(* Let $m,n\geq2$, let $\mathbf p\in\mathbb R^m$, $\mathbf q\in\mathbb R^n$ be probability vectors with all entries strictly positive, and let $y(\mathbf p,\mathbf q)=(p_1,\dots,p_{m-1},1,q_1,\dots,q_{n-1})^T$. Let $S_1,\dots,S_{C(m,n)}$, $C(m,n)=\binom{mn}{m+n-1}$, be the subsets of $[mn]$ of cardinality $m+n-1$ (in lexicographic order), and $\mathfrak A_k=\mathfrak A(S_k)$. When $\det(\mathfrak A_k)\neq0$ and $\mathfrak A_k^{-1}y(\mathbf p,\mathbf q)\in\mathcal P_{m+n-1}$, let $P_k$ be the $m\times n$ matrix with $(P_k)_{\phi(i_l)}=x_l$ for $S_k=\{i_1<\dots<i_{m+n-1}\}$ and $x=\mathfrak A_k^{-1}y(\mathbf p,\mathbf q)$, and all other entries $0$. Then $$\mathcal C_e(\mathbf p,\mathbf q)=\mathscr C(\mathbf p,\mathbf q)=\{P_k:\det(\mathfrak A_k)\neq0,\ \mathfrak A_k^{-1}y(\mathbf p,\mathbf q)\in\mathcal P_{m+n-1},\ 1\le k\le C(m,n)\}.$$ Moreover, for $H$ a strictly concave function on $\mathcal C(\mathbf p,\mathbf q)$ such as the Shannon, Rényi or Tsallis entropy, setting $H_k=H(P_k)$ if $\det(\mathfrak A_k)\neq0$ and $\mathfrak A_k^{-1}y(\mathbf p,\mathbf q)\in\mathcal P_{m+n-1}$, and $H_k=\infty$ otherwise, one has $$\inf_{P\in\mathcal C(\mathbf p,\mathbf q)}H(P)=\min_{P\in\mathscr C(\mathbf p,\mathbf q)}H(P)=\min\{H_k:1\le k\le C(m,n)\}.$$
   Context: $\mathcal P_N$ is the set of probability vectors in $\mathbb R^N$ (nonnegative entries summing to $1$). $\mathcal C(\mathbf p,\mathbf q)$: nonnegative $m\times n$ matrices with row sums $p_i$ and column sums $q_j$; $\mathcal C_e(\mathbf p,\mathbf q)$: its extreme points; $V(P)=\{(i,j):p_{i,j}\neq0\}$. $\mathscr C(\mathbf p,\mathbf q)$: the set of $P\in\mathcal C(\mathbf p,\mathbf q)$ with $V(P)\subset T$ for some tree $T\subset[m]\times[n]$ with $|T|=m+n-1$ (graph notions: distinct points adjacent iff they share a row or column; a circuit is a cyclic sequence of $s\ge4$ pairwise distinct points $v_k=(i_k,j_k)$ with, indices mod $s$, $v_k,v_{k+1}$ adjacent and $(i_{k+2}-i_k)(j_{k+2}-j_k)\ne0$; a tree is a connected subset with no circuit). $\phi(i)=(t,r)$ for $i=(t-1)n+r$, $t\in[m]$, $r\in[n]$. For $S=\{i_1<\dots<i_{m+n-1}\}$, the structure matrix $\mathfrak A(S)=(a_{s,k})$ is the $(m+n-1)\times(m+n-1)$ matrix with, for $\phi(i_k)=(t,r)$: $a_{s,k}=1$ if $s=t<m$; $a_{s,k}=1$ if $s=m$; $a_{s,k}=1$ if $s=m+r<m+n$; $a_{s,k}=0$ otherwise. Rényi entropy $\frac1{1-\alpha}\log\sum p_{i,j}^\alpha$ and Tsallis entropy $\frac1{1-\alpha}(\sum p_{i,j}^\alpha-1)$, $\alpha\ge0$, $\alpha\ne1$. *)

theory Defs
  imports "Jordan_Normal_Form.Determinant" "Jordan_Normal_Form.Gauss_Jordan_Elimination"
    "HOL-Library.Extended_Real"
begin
##########
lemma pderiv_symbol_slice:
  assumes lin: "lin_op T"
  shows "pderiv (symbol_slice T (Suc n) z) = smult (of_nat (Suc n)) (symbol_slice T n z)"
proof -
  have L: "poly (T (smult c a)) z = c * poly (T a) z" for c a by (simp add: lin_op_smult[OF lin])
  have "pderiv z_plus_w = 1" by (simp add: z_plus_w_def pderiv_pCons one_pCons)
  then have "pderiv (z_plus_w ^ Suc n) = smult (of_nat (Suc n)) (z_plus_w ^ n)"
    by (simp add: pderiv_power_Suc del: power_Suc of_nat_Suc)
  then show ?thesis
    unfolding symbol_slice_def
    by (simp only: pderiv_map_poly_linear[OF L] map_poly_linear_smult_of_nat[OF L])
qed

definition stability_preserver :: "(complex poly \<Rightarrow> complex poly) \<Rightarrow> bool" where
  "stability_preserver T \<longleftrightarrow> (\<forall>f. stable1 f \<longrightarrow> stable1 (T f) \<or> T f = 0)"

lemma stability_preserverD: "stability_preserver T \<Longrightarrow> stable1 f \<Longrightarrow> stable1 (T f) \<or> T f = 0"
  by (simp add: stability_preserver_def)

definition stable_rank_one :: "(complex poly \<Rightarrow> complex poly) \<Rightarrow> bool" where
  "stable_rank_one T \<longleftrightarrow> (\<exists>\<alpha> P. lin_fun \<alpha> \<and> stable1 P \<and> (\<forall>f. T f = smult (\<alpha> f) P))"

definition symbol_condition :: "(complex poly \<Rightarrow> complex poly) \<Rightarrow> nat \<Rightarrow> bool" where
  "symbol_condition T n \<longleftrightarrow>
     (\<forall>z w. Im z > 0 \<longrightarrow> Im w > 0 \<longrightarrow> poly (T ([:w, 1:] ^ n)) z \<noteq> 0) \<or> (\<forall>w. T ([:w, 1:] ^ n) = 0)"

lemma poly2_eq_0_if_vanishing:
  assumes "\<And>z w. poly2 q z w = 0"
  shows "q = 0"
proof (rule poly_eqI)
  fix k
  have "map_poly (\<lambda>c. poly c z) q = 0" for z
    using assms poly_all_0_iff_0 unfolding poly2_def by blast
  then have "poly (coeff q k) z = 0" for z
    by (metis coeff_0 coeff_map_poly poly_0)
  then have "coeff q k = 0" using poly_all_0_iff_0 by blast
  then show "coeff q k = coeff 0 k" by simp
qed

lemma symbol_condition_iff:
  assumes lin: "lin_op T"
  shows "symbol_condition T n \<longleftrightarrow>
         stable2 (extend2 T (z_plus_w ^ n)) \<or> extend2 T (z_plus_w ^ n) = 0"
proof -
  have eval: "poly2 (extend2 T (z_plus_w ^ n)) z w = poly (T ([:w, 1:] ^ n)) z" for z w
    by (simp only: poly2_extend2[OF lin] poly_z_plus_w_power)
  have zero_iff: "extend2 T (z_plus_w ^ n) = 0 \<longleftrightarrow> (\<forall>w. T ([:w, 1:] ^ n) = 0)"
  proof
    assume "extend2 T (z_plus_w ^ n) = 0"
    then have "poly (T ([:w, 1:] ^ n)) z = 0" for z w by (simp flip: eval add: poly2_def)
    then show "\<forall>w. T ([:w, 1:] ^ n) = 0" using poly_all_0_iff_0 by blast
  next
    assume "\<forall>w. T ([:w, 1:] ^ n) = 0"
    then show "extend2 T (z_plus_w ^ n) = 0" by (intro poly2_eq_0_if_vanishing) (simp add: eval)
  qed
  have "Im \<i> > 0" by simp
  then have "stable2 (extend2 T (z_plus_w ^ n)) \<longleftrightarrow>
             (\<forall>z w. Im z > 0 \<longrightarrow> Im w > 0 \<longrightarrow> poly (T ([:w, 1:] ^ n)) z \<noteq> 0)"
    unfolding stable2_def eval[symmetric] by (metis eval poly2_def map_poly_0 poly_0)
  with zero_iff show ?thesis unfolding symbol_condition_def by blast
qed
##########
* **YOUR TASK**
Say how many lines of the listing above include the word "longleftrightarrow", giving the number alone.

* **ANSWER SECTION**
6